I write this knowing well the consequence that I might be reduced to a voice that is frustrated, angry, and unsuccessful. But on the contrary, I refuse to let my writing invoke pity. It reflects the reality of not having had the privilege of learning and being close to my grandfather in ways that his sishyas had. It reflects the reality of not having the privilege of being considered the legitimate carrier of my grandfather’s art, and the lack of acknowledgement of the socially engineered disenfranchisement that women like me live with. And finally, it underscores the inter-generational cultural privilege his sishyas accrued by accessing Bharatanatyam through a nattuvanar like him.

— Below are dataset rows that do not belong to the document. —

(* Let $G$ be a connected threshold graph of order $n\ge 4$ and size $m$ with $n-1<m<\binom{n}{2}$, with backwards zero position sequence $(b_1,\ldots,b_z)$ and numbers $F_p$ as in the context. Let $B\in\mathbb{R}^{z\times z}$ be given by $B_{ij}=b_{\max\{i,j\}}$, $w=(b_1,\ldots,b_z)^\intercal$, and let $\lambda_1,\ldots,\lambda_z$ be the eigenvalues of $B$ with corresponding orthonormal eigenvectors $x_1,\ldots,x_z$. Then \[F_p=\sum_{i=1}^z (w^\intercal x_i)^2\,\lambda_i^{p-1}\qquad(p\in\mathbb{N}).\]
   Context: A threshold graph is a simple graph whose vertices can be ordered $v_1,\ldots,v_n$ so that for each $2\le i\le n$, $v_i$ is either adjacent to all of $v_1,\ldots,v_{i-1}$ (then $a_i=1$) or to none of them (then $a_i=0$); by convention $a_1=1$. Vertex $v_i$ is of type 1 if $a_i=1$ and of type 0 if $a_i=0$; $c$ and $z$ are the numbers of type 1 and type 0 vertices. The backwards zero position sequence $(b_1,\ldots,b_z)$ is defined by letting $b_i$ be the number of type 1 vertices appearing after the $i$-th type 0 vertex in the order $v_1,\ldots,v_n$. For $p\ge1$, $F_p=\sum_{i_1,\ldots,i_p=1}^{z} b_{i_1}\min\{b_{i_1},b_{i_2}\}\cdots\min\{b_{i_{p-1}},b_{i_p}\}\,b_{i_p}$ (with $F_1=\sum_i b_i^2$). *)

theory Defs
  imports "Jordan_Normal_Form.Matrix" "HOL-Library.FuncSet"
begin

text \<open>A threshold graph is given by its creation sequence a = [a_1,...,a_n]
  (0-based list; True = type 1, False = type 0), with a_1 = 1 by convention.\<close>

definition thr_adj :: "bool list \<Rightarrow> nat \<Rightarrow> nat \<Rightarrow> bool" where
  "thr_adj a i j \<longleftrightarrow> i < length a \<and> j < length a \<and> i \<noteq> j \<and> a ! (max i j)"

definition thr_order :: "bool list \<Rightarrow> nat" where
  "thr_order a = length a"

definition thr_size :: "bool list \<Rightarrow> nat" where
  "thr_size a = card {(i, j). i < j \<and> thr_adj a i j}"

definition thr_connected :: "bool list \<Rightarrow> bool" where
  "thr_connected a \<longleftrightarrow> (\<forall>i < length a. \<forall>j < length a. (thr_adj a)\<^sup>*\<^sup>* i j)"

definition zero_pos :: "bool list \<Rightarrow> nat list" where
  "zero_pos a = filter (\<lambda>k. \<not> a ! k) [0..<length a]"

definition num_zeros :: "bool list \<Rightarrow> nat" where
  "num_zeros a = length (zero_pos a)"

text \<open>Backwards zero position sequence, 0-based: bzp a i = b_(i+1).\<close>
definition bzp :: "bool list \<Rightarrow> nat \<Rightarrow> nat" where
  "bzp a i = card {k. zero_pos a ! i < k \<and> k < length a \<and> a ! k}"

definition Fp :: "bool list \<Rightarrow> nat \<Rightarrow> nat" where
  "Fp a p = (\<Sum>f \<in> PiE {..<p} (\<lambda>_. {..<num_zeros a}).
     bzp a (f 0) * (\<Prod>k<p - 1. min (bzp a (f k)) (bzp a (f (Suc k)))) * bzp a (f (p - 1)))"

definition Bmat :: "bool list \<Rightarrow> real mat" where
  "Bmat a = mat (num_zeros a) (num_zeros a) (\<lambda>(i, j). real (bzp a (max i j)))"

definition wvec :: "bool list \<Rightarrow> real vec" where
  "wvec a = vec (num_zeros a) (\<lambda>i. real (bzp a i))"

end

theory Submission
  imports Defs "Jordan_Normal_Form.Determinant"
begin

(* Since b is non-increasing, min {b_i, b_j} = b_max(i,j) = B_ij, so F_p sums the weights
   w_(i_1) B_(i_1 i_2) ... B_(i_(p-1) i_p) w_(i_p) over all index sequences, i.e. F_p = w^T B^(p-1) w.
   Expanding w in the orthonormal eigenbasis gives B^(p-1) w = sum_i (w^T x_i) lambda_i^(p-1) x_i,
   and pairing with w yields the formula. *)

lemma sum_PiE_insert:
  assumes "finite S" "finite Z" "k \<notin> S"
  shows "(\<Sum>f\<in>PiE (insert k S) (\<lambda>_. Z). g f) = (\<Sum>h\<in>PiE S (\<lambda>_. Z). \<Sum>y\<in>Z. g (h(k := y)))"
proof -
  have "(\<Sum>f\<in>PiE (insert k S) (\<lambda>_. Z). g f) = (\<Sum>(y, h)\<in>Z \<times> PiE S (\<lambda>_. Z). g (h(k := y)))"
    unfolding PiE_insert_eq
    by (subst sum.reindex[OF inj_combinator[OF assms(3)]]) (simp_all add: comp_def split_def)
  also have "\<dots> = (\<Sum>h\<in>PiE S (\<lambda>_. Z). \<Sum>y\<in>Z. g (h(k := y)))"
    by (simp add: sum.cartesian_product[symmetric] sum.swap[of _ Z])
  finally show ?thesis .
qed

lemma scalar_prod_eq_sum:
  "w \<in> carrier_vec n \<Longrightarrow> u \<bullet> w = (\<Sum>r<n. u $ r * w $ r)"
  by (simp add: scalar_prod_def lessThan_atLeast0)

lemma index_mult_mat_vec_eq_sum:
  "A \<in> carrier_mat m n \<Longrightarrow> v \<in> carrier_vec n \<Longrightarrow> j < m \<Longrightarrow> (A *\<^sub>v v) $ j = (\<Sum>r<n. A $$ (j, r) * v $ r)"
  by (simp add: scalar_prod_eq_sum)

lemma sum_walks_eq_scalar_prod_pow_mat:
  fixes A :: "'a::comm_semiring_1 mat"
  assumes A: "A \<in> carrier_mat n n" and v: "v \<in> carrier_vec n"
  shows "(\<Sum>f\<in>PiE {..<Suc k} (\<lambda>_. {..<n}). u $ f 0 * (\<Prod>j<k. A $$ (f j, f (Suc j))) * v $ f k)
         = u \<bullet> (A ^\<^sub>m k *\<^sub>v v)"
  using v
proof (induction k arbitrary: v)
  case 0
  have "(\<Sum>f\<in>PiE {..<Suc 0} (\<lambda>_. {..<n}). u $ f 0 * v $ f 0) = (\<Sum>y<n. u $ y * v $ y)"
    using sum_PiE_insert[of "{}" "{..<n}" 0 "\<lambda>f. u $ f 0 * v $ f 0"] by (simp add: lessThan_Suc)
  then show ?case
    using A 0 by (simp add: scalar_prod_eq_sum[of v n])
next
  case (Suc k)
  let ?walk = "\<lambda>h. u $ h 0 * (\<Prod>j<k. A $$ (h j, h (Suc j)))"
  have extend: "?walk (h(Suc k := y)) * A $$ ((h(Suc k := y)) k, (h(Suc k := y)) (Suc k))
      * v $ (h(Suc k := y)) (Suc k) = ?walk h * A $$ (h k, y) * v $ y" for h y
  proof -
    have "(\<Prod>j<k. A $$ ((h(Suc k := y)) j, (h(Suc k := y)) (Suc j))) = (\<Prod>j<k. A $$ (h j, h (Suc j)))"
      by (intro prod.cong) auto
    then show ?thesis by simp
  qed
  have "{..<Suc (Suc k)} = insert (Suc k) {..<Suc k}" by auto
  then have "(\<Sum>f\<in>PiE {..<Suc (Suc k)} (\<lambda>_. {..<n}). ?walk f * A $$ (f k, f (Suc k)) * v $ f (Suc k))
      = (\<Sum>h\<in>PiE {..<Suc k} (\<lambda>_. {..<n}). \<Sum>y<n. ?walk h * A $$ (h k, y) * v $ y)"
    by (simp only: sum_PiE_insert[OF finite_lessThan finite_lessThan] lessThan_iff less_irrefl
        not_False_eq_True extend)
  also have "\<dots> = (\<Sum>h\<in>PiE {..<Suc k} (\<lambda>_. {..<n}). ?walk h * (A *\<^sub>v v) $ h k)"
  proof (intro sum.cong refl)
    fix h assume "h \<in> PiE {..<Suc k} (\<lambda>_. {..<n})"
    then have "h k < n" by auto
    then show "(\<Sum>y<n. ?walk h * A $$ (h k, y) * v $ y) = ?walk h * (A *\<^sub>v v) $ h k"
      by (simp add: index_mult_mat_vec_eq_sum[OF A Suc.prems] sum_distrib_left mult.assoc)
  qed
  also have "\<dots> = u \<bullet> (A ^\<^sub>m k *\<^sub>v (A *\<^sub>v v))"
    using Suc.IH A Suc.prems by simp
  also have "\<dots> = u \<bullet> (A ^\<^sub>m Suc k *\<^sub>v v)"
    using assoc_mult_mat_vec[OF pow_carrier_mat[OF A] A Suc.prems] by simp
  finally show ?case
    by (simp add: prod.lessThan_Suc mult.assoc)
qed

lemma pow_mat_mult_vec_eigenvector:
  fixes A :: "'a::field mat"
  assumes A: "A \<in> carrier_mat n n" and x: "x \<in> carrier_vec n" and eig: "A *\<^sub>v x = l \<cdot>\<^sub>v x"
  shows "A ^\<^sub>m k *\<^sub>v x = l ^ k \<cdot>\<^sub>v x"
proof (induction k)
  case 0
  show ?case using A x by simp
next
  case (Suc k)
  have "A ^\<^sub>m Suc k *\<^sub>v x = A ^\<^sub>m k *\<^sub>v (l \<cdot>\<^sub>v x)"
    using assoc_mult_mat_vec[OF pow_carrier_mat[OF A] A x] eig by simp
  also have "\<dots> = l \<cdot>\<^sub>v (l ^ k \<cdot>\<^sub>v x)"
    using mult_mat_vec[OF pow_carrier_mat[OF A] x] Suc.IH by simp
  finally show ?case
    by (simp add: smult_smult_assoc mult.commute)
qed

lemma orthonormal_completeness:
  fixes x :: "nat \<Rightarrow> 'a::field vec"
  assumes x: "\<And>i. i < n \<Longrightarrow> x i \<in> carrier_vec n"
    and ortho: "\<And>i j. i < n \<Longrightarrow> j < n \<Longrightarrow> x i \<bullet> x j = (if i = j then 1 else 0)"
    and rs: "r < n" "s < n"
  shows "(\<Sum>i<n. x i $ r * x i $ s) = (if r = s then 1 else 0)"
proof -
  define X where "X = mat n n (\<lambda>(r, i). x i $ r)"
  have X: "X \<in> carrier_mat n n"
    by (simp add: X_def)
  have col_X: "col X i = x i" if "i < n" for i
    using x[OF that] that by (auto simp: X_def intro!: eq_vecI)
  have "transpose_mat X * X = 1\<^sub>m n"
  proof (rule eq_matI)
    fix i j assume "i < dim_row (1\<^sub>m n)" "j < dim_col (1\<^sub>m n)"
    then show "(transpose_mat X * X) $$ (i, j) = 1\<^sub>m n $$ (i, j)"
      using X col_X ortho by simp
  qed (use X in simp_all)
  then have "X * transpose_mat X = 1\<^sub>m n"
    using mat_mult_left_right_inverse[of "transpose_mat X" n X] X by simp
  then have "(X * transpose_mat X) $$ (r, s) = (if r = s then 1 else 0)"
    using rs by simp
  then show ?thesis
    using X rs by (simp add: X_def scalar_prod_eq_sum)
qed

lemma orthonormal_expansion:
  fixes x :: "nat \<Rightarrow> 'a::field vec"
  assumes x: "\<And>i. i < n \<Longrightarrow> x i \<in> carrier_vec n"
    and ortho: "\<And>i j. i < n \<Longrightarrow> j < n \<Longrightarrow> x i \<bullet> x j = (if i = j then 1 else 0)"
    and w: "w \<in> carrier_vec n" and j: "j < n"
  shows "w $ j = (\<Sum>i<n. (w \<bullet> x i) * x i $ j)"
proof -
  have "(\<Sum>i<n. (w \<bullet> x i) * x i $ j) = (\<Sum>i<n. \<Sum>r<n. w $ r * (x i $ r * x i $ j))"
    by (intro sum.cong refl) (simp add: scalar_prod_eq_sum[OF x] sum_distrib_right mult.assoc)
  also have "\<dots> = (\<Sum>r<n. w $ r * (\<Sum>i<n. x i $ r * x i $ j))"
    by (subst sum.swap) (simp add: sum_distrib_left)
  also have "\<dots> = (\<Sum>r<n. w $ r * (if r = j then 1 else 0))"
    using orthonormal_completeness[OF x ortho _ j] by simp
  also have "\<dots> = w $ j"
    using j by (simp add: if_distrib cong: if_cong)
  finally show ?thesis ..
qed

lemma scalar_prod_pow_mat_mult_vec_orthonormal_eigenbasis:
  fixes A :: "'a::field mat"
  assumes A: "A \<in> carrier_mat n n"
    and x: "\<And>i. i < n \<Longrightarrow> x i \<in> carrier_vec n"
    and eig: "\<And>i. i < n \<Longrightarrow> A *\<^sub>v x i = lam i \<cdot>\<^sub>v x i"
    and ortho: "\<And>i j. i < n \<Longrightarrow> j < n \<Longrightarrow> x i \<bullet> x j = (if i = j then 1 else 0)"
    and w: "w \<in> carrier_vec n"
  shows "u \<bullet> (A ^\<^sub>m k *\<^sub>v w) = (\<Sum>i<n. (u \<bullet> x i) * (w \<bullet> x i) * lam i ^ k)"
proof -
  let ?P = "A ^\<^sub>m k"
  have P: "?P \<in> carrier_mat n n"
    using A by simp
  have Pw: "(?P *\<^sub>v w) $ j = (\<Sum>i<n. (w \<bullet> x i) * lam i ^ k * x i $ j)" if j: "j < n" for j
  proof -
    have "(?P *\<^sub>v w) $ j = (\<Sum>r<n. ?P $$ (j, r) * (\<Sum>i<n. (w \<bullet> x i) * x i $ r))"
      using orthonormal_expansion[OF x ortho w] by (simp add: index_mult_mat_vec_eq_sum[OF P w j])
    also have "\<dots> = (\<Sum>i<n. \<Sum>r<n. (w \<bullet> x i) * (?P $$ (j, r) * x i $ r))"
      by (subst sum.swap) (simp add: sum_distrib_left mult.left_commute)
    also have "\<dots> = (\<Sum>i<n. (w \<bullet> x i) * (\<Sum>r<n. ?P $$ (j, r) * x i $ r))"
      by (simp add: sum_distrib_left)
    also have "\<dots> = (\<Sum>i<n. (w \<bullet> x i) * (?P *\<^sub>v x i) $ j)"
      using x by (simp add: index_mult_mat_vec_eq_sum[OF P _ j])
    also have "\<dots> = (\<Sum>i<n. (w \<bullet> x i) * lam i ^ k * x i $ j)"
      using j by (intro sum.cong refl)
        (simp add: pow_mat_mult_vec_eigenvector[OF A x eig] carrier_vecD[OF x] mult.assoc)
    finally show ?thesis .
  qed
  have "u \<bullet> (?P *\<^sub>v w) = (\<Sum>j<n. u $ j * (\<Sum>i<n. (w \<bullet> x i) * lam i ^ k * x i $ j))"
    using P w Pw by (simp add: scalar_prod_eq_sum[of _ n])
  also have "\<dots> = (\<Sum>i<n. \<Sum>j<n. (w \<bullet> x i) * lam i ^ k * (u $ j * x i $ j))"
    by (subst sum.swap) (simp add: sum_distrib_left mult_ac)
  also have "\<dots> = (\<Sum>i<n. (w \<bullet> x i) * lam i ^ k * (\<Sum>j<n. u $ j * x i $ j))"
    by (simp add: sum_distrib_left)
  also have "\<dots> = (\<Sum>i<n. (u \<bullet> x i) * (w \<bullet> x i) * lam i ^ k)"
    by (intro sum.cong refl) (simp add: scalar_prod_eq_sum[OF x])
  finally show ?thesis .
qed

lemma bzp_antimono:
  assumes "i \<le> j" "j < num_zeros a"
  shows "bzp a j \<le> bzp a i"
proof -
  have "sorted_wrt (<) (zero_pos a)"
    unfolding zero_pos_def by (rule sorted_wrt_filter) simp
  then have "zero_pos a ! i \<le> zero_pos a ! j"
    using assms by (auto simp: sorted_wrt_nth_less num_zeros_def le_less)
  then show ?thesis
    unfolding bzp_def by (intro card_mono) auto
qed

lemma min_bzp_eq_bzp_max:
  assumes "i < num_zeros a" "j < num_zeros a"
  shows "min (bzp a i) (bzp a j) = bzp a (max i j)"
  using assms bzp_antimono[of i j a] bzp_antimono[of j i a]
  by (cases "i \<le> j") (auto simp: min_def max_def)

lemma Fp_eq_scalar_prod_pow_Bmat:
  "real (Fp a (Suc k)) = wvec a \<bullet> (Bmat a ^\<^sub>m k *\<^sub>v wvec a)"
proof -
  let ?z = "num_zeros a"
  have "real (Fp a (Suc k)) = (\<Sum>f\<in>PiE {..<Suc k} (\<lambda>_. {..<?z}).
          wvec a $ f 0 * (\<Prod>j<k. Bmat a $$ (f j, f (Suc j))) * wvec a $ f k)"
    unfolding Fp_def of_nat_sum
  proof (intro sum.cong refl)
    fix f assume f: "f \<in> PiE {..<Suc k} (\<lambda>_. {..<?z})"
    have f_lt: "f j < ?z" if "j \<le> k" for j
      using PiE_mem[OF f, of j] that by simp
    have "real (min (bzp a (f j)) (bzp a (f (Suc j)))) = Bmat a $$ (f j, f (Suc j))" if "j < k" for j
      using f_lt[of j] f_lt[of "Suc j"] that by (simp add: min_bzp_eq_bzp_max Bmat_def)
    then have "real (\<Prod>j<k. min (bzp a (f j)) (bzp a (f (Suc j)))) = (\<Prod>j<k. Bmat a $$ (f j, f (Suc j)))"
      unfolding of_nat_prod by (intro prod.cong) auto
    then show "real (bzp a (f 0) * (\<Prod>j<Suc k - 1. min (bzp a (f j)) (bzp a (f (Suc j))))
                 * bzp a (f (Suc k - 1)))
             = wvec a $ f 0 * (\<Prod>j<k. Bmat a $$ (f j, f (Suc j))) * wvec a $ f k"
      by (simp add: f_lt wvec_def)
  qed
  also have "\<dots> = wvec a \<bullet> (Bmat a ^\<^sub>m k *\<^sub>v wvec a)"
    by (rule sum_walks_eq_scalar_prod_pow_mat) (simp_all add: Bmat_def wvec_def)
  finally show ?thesis .
qed

theorem corollaryA2:
  fixes a :: "bool list" and lam :: "nat \<Rightarrow> real" and x :: "nat \<Rightarrow> real vec" and p :: nat
  assumes first: "a \<noteq> [] \<and> a ! 0"
    and conn: "thr_connected a"
    and order: "thr_order a \<ge> 4"
    and size_lo: "thr_order a - 1 < thr_size a"
    and size_hi: "thr_size a < thr_order a choose 2"
    and evec: "\<And>i. i < num_zeros a \<Longrightarrow>
                 x i \<in> carrier_vec (num_zeros a) \<and> Bmat a *\<^sub>v x i = lam i \<cdot>\<^sub>v x i"
    and orthonormal: "\<And>i j. i < num_zeros a \<Longrightarrow> j < num_zeros a \<Longrightarrow>
                 x i \<bullet> x j = (if i = j then 1 else 0)"
    and p: "p \<ge> 1"
  shows "real (Fp a p) = (\<Sum>i<num_zeros a. (wvec a \<bullet> x i)^2 * lam i ^ (p - 1))"
proof -
  obtain k where k: "p = Suc k"
    using p by (cases p) auto
  have B: "Bmat a \<in> carrier_mat (num_zeros a) (num_zeros a)" and w: "wvec a \<in> carrier_vec (num_zeros a)"
    by (simp_all add: Bmat_def wvec_def)
  have "real (Fp a p) = wvec a \<bullet> (Bmat a ^\<^sub>m k *\<^sub>v wvec a)"
    unfolding k by (rule Fp_eq_scalar_prod_pow_Bmat)
  also have "\<dots> = (\<Sum>i<num_zeros a. (wvec a \<bullet> x i) * (wvec a \<bullet> x i) * lam i ^ k)"
    using evec orthonormal by (intro scalar_prod_pow_mat_mult_vec_orthonormal_eigenbasis[OF B _ _ _ w]) auto
  finally show ?thesis
    by (simp add: k power2_eq_square)
qed

end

I love my grandfather and cherish the many memories of the seven years I spent around him. He often sang to me, exquisitely, a song in raga Nilambari, ‘ Kuttiyammava yar adicha ,’ to put me to sleep — ‘who was it who beat my little one?’ That would have been his sentiment, to keep me protected from the clique-ish world of dance and the kinds of suffering that he went through himself. This was suffering he couldn’t articulate or disclose in his workspace but expressed in the safety of dinner table conversations.
He would often say: ‘ Padichu velaiku poidanum’ — you must study and get a ‘respectable’ job — as opposed to a disreputable occupation in the performing arts.
His presence was an integral part of my childhood. I was his first grandchild and enjoyed a certain kind of love and attention that came with it. I might even say I was perhaps the grandchild with the greatest access to the art form, albeit circumstantially. I was born and raised at a time when he was at the peak of his career as a celebrated nattuvanar, teaching many privileged caste girls from ‘respectable’ households, fulfilling the moral mandate of the reinvented Bharatanatyam. It is no surprise that they went on to become successful dancers with careers in the very tradition that families like mine historically inherited.
Social conditioning and my own circumstances do not allow me “legitimate rights” over my grandfather or Bharatanatyam, and I too don’t feel any sense of ownership over him or the art form. I don’t think I should be the person speaking about him, teaching one of his dance compositions, dancing one of his pieces on his birth anniversary — the system doesn’t give me that space. There are others authorised to celebrate his life, his teachings, his art, his musicality, and his contributions in their lives.
But I want to mourn his loss, a loss that happened too early for me. I also, perhaps more importantly, want to mourn the lack of legitimacy and opportunity that women from our families face. If at all we are included, it is always on the margins, reduced to being “carriers of a great tradition,” called in during lecture demonstrations or workshops to demonstrate “old things” that some are curious about (even if in private these “old aesthetics” are mocked at), or other such activities on the fringes of Bharatanatyam’s economy. This phenomenon has been occurring for more than four generations now. As others celebrate my grandfather’s art and his genius, I hope we can reflect more closely on what exactly we are celebrating, and also ask ourselves the deeper (and intentionally invisibilised) questions around ‘legitimacy’, authority, authenticity and power in the world of Bharatanatyam.
The writer, a social and cultural activist, is also a performer and teacher of Bharatanatyam.